» **Aim of the task**:
Output only the lines below that start at the line containing "text \<open>Division with" and end at the line containing "vmult vpow add.commute)", with both ends kept.

___ Records shown

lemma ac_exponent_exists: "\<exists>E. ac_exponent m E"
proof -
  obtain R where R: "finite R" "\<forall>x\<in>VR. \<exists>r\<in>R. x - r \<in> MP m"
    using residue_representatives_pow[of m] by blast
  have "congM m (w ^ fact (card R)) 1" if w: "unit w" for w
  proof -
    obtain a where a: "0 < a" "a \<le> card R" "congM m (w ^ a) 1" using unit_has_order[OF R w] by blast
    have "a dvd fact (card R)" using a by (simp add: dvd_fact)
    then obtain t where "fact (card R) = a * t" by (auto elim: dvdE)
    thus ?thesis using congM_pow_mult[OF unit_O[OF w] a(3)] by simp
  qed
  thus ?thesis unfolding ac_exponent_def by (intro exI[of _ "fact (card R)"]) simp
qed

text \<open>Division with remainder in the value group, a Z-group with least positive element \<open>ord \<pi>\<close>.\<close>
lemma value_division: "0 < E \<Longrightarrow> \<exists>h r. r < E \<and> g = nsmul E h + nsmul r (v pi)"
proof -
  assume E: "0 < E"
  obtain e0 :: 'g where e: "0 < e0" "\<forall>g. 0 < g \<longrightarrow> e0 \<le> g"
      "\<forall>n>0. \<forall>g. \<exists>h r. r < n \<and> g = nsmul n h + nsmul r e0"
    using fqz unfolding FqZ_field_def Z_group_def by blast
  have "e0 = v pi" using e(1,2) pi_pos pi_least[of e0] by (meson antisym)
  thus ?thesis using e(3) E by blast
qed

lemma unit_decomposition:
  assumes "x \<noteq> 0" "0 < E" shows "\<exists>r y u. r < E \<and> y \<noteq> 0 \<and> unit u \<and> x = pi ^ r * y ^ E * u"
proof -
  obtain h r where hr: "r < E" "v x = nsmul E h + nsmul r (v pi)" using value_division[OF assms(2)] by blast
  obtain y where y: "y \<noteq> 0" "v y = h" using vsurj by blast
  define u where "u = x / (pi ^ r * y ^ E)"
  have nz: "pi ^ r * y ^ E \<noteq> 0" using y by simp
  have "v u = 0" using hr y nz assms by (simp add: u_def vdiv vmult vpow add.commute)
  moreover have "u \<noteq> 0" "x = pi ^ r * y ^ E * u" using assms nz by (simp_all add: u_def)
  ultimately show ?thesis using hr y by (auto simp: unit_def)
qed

______

» **Answer box**:
text \<open>Division with remainder in the value group, a Z-group with least positive element \<open>ord \<pi>\<close>.\<close>
lemma value_division: "0 < E \<Longrightarrow> \<exists>h r. r < E \<and> g = nsmul E h + nsmul r (v pi)"
proof -
  assume E: "0 < E"
  obtain e0 :: 'g where e: "0 < e0" "\<forall>g. 0 < g \<longrightarrow> e0 \<le> g"
      "\<forall>n>0. \<forall>g. \<exists>h r. r < n \<and> g = nsmul n h + nsmul r e0"
    using fqz unfolding FqZ_field_def Z_group_def by blast
  have "e0 = v pi" using e(1,2) pi_pos pi_least[of e0] by (meson antisym)
  thus ?thesis using e(3) E by blast
qed

lemma unit_decomposition:
  assumes "x \<noteq> 0" "0 < E" shows "\<exists>r y u. r < E \<and> y \<noteq> 0 \<and> unit u \<and> x = pi ^ r * y ^ E * u"
proof -
  obtain h r where hr: "r < E" "v x = nsmul E h + nsmul r (v pi)" using value_division[OF assms(2)] by blast
  obtain y where y: "y \<noteq> 0" "v y = h" using vsurj by blast
  define u where "u = x / (pi ^ r * y ^ E)"
  have nz: "pi ^ r * y ^ E \<noteq> 0" using y by simp
  have "v u = 0" using hr y nz assms by (simp add: u_def vdiv vmult vpow add.commute)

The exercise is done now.